§ Exercise details: Check each line of the entries below for the string "linearI"; copy every line where it appears.

··· Excerpted records ···

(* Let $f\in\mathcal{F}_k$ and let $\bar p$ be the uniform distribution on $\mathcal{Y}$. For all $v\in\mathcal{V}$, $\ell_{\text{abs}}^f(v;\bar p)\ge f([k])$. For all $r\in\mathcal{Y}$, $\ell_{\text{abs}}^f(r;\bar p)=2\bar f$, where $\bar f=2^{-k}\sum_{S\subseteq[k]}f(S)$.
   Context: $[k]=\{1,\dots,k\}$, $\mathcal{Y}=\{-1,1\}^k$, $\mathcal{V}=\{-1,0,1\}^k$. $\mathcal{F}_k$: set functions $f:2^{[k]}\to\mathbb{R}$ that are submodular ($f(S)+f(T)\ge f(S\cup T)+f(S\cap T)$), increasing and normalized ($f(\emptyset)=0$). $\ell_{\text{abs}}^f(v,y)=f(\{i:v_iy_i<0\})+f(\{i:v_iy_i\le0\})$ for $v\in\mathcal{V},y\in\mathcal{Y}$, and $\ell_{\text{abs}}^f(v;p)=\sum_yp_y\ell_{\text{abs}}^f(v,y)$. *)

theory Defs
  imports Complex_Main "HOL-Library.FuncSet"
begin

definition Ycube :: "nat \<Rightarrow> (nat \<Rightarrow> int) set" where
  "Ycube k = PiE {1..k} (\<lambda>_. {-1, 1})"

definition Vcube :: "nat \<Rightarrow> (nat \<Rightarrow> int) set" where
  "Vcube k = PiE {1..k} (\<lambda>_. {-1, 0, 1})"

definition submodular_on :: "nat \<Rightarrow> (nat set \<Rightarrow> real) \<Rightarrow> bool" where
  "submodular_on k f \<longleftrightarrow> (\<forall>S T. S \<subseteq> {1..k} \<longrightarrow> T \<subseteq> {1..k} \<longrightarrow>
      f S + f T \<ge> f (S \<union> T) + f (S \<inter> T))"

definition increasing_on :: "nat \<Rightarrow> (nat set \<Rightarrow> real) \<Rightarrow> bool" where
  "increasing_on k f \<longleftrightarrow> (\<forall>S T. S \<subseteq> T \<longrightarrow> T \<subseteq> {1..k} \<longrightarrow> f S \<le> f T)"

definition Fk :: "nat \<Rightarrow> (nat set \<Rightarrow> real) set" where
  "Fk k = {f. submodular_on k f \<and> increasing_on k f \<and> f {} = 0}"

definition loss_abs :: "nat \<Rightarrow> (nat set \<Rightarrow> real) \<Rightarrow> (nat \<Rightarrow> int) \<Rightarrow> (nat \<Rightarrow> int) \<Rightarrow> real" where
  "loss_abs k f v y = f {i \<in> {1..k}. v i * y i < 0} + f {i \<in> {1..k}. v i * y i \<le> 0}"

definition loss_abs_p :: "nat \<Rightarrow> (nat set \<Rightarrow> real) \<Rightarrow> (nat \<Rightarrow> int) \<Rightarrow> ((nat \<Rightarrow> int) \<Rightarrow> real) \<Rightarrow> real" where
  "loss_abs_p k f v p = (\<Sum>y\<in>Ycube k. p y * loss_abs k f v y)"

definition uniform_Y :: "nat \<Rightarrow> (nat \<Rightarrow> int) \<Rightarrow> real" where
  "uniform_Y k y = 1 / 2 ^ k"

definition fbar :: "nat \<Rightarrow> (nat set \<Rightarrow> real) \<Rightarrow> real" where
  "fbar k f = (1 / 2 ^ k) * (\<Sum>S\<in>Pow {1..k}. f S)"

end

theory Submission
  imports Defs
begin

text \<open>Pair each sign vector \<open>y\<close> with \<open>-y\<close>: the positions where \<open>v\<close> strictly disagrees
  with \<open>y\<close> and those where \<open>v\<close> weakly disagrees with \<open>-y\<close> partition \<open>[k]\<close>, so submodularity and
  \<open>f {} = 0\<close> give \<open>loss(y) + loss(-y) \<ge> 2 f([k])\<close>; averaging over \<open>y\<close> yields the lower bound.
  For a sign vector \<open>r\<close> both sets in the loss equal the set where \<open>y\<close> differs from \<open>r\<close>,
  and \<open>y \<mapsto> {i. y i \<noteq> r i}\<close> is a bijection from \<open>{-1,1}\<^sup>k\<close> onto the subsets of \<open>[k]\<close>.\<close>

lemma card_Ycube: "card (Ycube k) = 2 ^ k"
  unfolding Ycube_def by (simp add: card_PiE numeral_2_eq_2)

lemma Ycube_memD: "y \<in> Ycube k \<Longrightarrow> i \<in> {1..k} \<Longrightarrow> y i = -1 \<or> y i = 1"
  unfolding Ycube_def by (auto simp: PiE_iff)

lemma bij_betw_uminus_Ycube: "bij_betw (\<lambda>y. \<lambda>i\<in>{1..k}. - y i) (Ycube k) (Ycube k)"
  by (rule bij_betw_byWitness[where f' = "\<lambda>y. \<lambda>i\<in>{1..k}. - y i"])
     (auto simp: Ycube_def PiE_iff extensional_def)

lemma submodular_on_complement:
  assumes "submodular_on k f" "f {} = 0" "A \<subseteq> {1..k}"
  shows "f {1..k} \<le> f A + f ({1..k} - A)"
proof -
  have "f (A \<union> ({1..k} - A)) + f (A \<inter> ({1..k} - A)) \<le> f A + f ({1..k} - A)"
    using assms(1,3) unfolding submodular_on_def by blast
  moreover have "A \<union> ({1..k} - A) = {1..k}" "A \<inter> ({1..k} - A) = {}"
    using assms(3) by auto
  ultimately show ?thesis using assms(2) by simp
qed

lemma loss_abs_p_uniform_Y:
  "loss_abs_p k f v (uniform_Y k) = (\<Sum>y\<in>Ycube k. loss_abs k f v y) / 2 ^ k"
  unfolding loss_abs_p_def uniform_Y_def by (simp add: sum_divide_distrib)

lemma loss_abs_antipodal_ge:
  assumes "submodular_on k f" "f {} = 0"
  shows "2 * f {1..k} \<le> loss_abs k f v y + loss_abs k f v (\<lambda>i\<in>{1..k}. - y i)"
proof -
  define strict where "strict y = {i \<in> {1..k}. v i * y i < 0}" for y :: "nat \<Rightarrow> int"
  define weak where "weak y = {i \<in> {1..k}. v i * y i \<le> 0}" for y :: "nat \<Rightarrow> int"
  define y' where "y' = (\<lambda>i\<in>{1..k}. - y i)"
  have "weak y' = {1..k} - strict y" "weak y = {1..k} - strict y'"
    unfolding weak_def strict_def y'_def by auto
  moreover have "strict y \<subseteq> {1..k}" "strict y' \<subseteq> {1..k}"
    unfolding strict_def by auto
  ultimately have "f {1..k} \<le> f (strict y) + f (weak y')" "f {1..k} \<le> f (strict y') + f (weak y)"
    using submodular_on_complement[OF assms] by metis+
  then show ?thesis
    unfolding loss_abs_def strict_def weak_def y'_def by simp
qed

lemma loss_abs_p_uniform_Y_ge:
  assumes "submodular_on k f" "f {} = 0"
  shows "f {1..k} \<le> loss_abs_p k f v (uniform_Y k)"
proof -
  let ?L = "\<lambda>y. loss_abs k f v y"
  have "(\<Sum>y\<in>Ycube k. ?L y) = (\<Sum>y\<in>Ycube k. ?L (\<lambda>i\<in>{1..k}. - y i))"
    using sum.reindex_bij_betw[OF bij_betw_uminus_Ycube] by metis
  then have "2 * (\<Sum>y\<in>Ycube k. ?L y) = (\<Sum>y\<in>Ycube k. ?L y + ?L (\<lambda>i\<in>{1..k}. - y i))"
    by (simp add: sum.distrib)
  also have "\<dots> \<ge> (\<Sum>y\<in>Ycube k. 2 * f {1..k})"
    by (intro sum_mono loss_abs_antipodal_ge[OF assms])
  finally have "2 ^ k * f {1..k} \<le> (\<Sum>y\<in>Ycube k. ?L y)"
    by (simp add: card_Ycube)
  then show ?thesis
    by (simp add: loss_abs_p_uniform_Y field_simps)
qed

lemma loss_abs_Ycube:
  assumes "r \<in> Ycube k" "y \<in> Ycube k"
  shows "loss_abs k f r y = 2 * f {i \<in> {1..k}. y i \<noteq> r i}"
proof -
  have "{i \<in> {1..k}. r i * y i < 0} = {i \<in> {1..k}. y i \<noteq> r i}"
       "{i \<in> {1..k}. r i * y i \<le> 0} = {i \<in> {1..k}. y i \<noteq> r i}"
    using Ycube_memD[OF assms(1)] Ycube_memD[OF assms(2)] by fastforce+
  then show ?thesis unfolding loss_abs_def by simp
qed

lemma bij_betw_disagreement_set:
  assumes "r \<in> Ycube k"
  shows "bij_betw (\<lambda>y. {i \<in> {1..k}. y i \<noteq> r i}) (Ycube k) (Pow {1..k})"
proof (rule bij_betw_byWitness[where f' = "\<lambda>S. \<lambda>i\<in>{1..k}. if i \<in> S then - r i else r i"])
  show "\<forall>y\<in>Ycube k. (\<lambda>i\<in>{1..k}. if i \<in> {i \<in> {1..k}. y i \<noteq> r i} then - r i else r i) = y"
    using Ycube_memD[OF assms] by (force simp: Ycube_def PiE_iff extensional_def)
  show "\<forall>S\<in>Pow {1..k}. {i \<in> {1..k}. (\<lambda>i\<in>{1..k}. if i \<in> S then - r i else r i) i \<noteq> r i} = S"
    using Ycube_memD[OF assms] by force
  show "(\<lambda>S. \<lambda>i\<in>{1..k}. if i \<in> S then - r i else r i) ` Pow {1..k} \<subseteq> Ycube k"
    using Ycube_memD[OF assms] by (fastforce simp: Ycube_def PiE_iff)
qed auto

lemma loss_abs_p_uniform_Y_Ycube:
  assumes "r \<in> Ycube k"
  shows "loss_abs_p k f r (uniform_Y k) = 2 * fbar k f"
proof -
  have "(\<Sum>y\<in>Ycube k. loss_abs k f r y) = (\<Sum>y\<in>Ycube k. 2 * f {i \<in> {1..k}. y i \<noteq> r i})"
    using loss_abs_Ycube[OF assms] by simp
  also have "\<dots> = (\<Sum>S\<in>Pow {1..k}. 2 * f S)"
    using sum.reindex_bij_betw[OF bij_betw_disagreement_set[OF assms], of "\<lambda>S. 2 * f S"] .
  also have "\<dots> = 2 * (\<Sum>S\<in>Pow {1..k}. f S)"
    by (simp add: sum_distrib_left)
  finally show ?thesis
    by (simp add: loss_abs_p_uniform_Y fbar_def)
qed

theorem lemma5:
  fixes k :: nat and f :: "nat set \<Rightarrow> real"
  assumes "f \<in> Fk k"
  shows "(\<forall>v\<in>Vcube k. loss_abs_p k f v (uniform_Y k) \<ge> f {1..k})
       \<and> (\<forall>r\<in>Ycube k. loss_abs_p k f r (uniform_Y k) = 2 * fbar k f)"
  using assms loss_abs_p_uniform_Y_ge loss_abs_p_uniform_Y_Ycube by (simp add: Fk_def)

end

···
··· Excerpted records ···

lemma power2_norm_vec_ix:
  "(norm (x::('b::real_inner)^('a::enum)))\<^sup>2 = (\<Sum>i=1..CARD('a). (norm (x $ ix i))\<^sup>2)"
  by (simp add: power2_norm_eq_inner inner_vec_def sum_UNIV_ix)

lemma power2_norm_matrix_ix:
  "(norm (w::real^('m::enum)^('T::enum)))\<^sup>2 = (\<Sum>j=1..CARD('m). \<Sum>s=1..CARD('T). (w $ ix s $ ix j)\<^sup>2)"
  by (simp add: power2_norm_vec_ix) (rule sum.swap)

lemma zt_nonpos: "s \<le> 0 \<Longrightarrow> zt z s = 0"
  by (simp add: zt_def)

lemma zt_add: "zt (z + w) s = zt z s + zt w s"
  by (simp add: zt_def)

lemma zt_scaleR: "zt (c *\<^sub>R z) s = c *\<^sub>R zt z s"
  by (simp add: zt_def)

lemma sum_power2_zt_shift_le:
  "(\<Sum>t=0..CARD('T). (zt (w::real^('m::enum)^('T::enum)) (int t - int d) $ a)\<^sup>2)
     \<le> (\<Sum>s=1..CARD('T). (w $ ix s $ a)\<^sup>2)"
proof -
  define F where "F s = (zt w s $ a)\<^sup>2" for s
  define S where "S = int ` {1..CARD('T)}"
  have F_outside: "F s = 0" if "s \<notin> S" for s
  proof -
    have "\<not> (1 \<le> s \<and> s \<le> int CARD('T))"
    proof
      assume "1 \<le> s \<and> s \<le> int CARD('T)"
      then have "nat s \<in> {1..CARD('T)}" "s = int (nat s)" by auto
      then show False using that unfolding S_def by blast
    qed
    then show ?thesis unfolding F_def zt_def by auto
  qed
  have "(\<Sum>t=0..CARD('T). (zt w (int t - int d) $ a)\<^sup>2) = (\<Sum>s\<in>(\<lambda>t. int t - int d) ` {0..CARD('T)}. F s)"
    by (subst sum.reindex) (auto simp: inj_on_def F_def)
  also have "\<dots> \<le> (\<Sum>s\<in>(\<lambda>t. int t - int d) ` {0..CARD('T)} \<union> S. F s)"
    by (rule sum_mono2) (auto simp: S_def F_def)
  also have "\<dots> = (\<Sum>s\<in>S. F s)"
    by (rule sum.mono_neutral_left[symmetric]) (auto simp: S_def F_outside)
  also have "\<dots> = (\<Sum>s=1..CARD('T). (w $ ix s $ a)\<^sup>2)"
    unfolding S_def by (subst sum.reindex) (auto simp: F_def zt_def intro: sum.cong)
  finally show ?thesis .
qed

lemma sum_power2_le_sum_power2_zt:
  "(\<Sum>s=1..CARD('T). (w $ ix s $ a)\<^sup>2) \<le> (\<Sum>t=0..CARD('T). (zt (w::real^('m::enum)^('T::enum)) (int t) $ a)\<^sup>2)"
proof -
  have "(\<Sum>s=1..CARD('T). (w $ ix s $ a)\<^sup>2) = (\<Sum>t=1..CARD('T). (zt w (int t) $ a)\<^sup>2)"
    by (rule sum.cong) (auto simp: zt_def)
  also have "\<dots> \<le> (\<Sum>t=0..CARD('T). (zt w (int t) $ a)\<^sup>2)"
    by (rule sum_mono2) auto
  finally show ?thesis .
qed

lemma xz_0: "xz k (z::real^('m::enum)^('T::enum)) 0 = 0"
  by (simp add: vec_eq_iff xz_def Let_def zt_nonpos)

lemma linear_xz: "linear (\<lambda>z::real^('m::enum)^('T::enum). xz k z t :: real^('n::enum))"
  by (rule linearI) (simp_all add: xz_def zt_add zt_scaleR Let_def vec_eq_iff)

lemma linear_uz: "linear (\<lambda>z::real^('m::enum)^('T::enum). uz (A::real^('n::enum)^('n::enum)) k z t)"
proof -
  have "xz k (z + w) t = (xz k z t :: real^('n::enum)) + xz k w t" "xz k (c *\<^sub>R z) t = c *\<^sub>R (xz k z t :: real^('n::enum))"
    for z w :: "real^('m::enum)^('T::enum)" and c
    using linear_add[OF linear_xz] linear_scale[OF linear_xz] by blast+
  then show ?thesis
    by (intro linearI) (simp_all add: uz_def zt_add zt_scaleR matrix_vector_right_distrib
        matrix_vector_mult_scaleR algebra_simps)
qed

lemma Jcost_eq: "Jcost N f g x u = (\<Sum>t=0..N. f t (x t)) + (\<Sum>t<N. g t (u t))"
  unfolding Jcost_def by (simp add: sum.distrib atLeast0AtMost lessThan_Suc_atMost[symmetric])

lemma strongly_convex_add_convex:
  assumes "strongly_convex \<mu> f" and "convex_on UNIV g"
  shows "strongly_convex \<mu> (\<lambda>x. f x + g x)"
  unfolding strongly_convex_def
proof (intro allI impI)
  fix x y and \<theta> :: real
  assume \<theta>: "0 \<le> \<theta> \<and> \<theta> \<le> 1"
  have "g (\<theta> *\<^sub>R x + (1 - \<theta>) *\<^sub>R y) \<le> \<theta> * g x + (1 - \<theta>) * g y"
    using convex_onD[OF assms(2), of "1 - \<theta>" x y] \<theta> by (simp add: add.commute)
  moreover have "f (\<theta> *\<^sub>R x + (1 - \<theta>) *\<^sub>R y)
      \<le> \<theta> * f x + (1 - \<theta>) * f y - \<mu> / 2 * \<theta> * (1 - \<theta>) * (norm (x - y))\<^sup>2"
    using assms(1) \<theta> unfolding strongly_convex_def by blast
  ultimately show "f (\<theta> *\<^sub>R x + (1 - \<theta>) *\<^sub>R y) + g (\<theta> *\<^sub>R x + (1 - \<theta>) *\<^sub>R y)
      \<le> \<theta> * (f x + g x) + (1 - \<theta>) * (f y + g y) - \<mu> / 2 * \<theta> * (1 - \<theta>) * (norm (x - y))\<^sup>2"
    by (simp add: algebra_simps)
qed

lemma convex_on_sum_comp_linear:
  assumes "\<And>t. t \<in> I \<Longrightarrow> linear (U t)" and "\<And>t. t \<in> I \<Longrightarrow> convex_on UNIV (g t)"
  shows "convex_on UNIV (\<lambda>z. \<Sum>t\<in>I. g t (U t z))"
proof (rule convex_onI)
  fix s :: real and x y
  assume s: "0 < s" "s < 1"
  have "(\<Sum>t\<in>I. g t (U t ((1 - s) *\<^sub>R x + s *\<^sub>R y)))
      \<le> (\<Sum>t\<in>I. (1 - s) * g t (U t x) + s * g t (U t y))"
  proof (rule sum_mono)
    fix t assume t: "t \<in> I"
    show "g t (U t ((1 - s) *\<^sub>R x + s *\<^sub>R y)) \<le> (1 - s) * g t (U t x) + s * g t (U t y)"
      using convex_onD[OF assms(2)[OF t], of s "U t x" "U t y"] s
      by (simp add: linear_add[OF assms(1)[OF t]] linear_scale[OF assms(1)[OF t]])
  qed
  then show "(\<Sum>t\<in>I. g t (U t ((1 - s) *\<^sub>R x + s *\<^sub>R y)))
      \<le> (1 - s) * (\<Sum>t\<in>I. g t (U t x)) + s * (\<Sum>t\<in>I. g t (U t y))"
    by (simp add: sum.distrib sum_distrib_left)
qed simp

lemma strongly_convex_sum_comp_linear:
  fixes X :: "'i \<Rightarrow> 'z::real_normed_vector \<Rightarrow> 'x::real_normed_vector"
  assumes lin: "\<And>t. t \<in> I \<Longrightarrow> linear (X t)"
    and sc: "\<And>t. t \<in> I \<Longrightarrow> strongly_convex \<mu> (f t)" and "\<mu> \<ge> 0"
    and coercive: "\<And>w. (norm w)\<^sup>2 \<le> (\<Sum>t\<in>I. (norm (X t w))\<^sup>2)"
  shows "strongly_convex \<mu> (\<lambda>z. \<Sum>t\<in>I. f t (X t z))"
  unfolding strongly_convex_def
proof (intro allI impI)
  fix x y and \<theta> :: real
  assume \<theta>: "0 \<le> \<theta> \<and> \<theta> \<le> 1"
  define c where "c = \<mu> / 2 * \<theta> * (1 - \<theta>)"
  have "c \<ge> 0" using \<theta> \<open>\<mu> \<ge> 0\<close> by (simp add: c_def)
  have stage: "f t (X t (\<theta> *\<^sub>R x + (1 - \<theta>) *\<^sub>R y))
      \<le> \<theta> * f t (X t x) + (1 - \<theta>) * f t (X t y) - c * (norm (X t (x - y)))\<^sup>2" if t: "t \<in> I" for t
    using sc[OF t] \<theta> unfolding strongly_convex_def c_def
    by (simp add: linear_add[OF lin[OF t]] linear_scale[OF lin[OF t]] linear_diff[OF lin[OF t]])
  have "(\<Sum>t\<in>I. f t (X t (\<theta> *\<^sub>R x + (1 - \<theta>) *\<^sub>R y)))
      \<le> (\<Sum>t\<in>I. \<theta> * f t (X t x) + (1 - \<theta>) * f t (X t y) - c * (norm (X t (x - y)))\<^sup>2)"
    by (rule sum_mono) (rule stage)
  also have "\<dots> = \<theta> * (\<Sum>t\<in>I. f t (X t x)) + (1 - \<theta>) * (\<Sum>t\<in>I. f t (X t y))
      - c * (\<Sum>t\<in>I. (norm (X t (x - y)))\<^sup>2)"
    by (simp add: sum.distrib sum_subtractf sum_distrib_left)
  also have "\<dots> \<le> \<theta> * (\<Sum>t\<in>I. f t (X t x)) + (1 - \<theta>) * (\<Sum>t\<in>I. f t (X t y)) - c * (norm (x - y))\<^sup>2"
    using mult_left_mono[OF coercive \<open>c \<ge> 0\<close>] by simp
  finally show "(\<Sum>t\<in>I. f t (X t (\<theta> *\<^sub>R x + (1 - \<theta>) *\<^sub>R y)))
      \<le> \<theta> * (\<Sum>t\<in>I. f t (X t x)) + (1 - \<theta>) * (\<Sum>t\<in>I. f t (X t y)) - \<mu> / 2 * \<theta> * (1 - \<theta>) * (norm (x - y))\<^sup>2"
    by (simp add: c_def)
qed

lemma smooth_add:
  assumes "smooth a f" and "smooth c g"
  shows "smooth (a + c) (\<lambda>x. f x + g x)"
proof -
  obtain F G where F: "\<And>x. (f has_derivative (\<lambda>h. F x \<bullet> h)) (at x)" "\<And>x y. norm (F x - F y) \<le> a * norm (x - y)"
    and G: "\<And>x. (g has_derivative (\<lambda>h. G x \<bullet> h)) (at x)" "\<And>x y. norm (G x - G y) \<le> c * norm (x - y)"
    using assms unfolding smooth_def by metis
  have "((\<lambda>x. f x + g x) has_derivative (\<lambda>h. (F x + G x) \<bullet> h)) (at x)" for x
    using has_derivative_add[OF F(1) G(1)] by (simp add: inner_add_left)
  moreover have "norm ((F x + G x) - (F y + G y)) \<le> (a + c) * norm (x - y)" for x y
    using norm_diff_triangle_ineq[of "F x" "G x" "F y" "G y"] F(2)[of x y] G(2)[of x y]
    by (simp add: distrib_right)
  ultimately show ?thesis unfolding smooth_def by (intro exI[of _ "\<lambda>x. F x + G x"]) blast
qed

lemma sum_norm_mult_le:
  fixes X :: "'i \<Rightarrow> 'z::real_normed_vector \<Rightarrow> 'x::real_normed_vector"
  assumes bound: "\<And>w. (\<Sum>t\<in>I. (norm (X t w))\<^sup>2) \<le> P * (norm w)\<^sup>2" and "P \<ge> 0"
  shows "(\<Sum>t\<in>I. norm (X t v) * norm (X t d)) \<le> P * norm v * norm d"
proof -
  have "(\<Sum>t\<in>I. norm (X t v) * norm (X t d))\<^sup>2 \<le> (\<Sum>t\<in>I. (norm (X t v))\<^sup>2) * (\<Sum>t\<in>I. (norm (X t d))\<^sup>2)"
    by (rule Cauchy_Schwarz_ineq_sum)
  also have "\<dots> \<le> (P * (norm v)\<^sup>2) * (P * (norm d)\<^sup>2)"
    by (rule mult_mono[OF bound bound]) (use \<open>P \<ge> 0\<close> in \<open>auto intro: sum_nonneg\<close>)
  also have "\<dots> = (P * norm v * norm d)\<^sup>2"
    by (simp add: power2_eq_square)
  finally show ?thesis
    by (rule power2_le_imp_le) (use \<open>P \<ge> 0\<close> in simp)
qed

···

§ Task output:
  by (rule linearI) (simp_all add: xz_def zt_add zt_scaleR Let_def vec_eq_iff)
    by (intro linearI) (simp_all add: uz_def zt_add zt_scaleR matrix_vector_right_distrib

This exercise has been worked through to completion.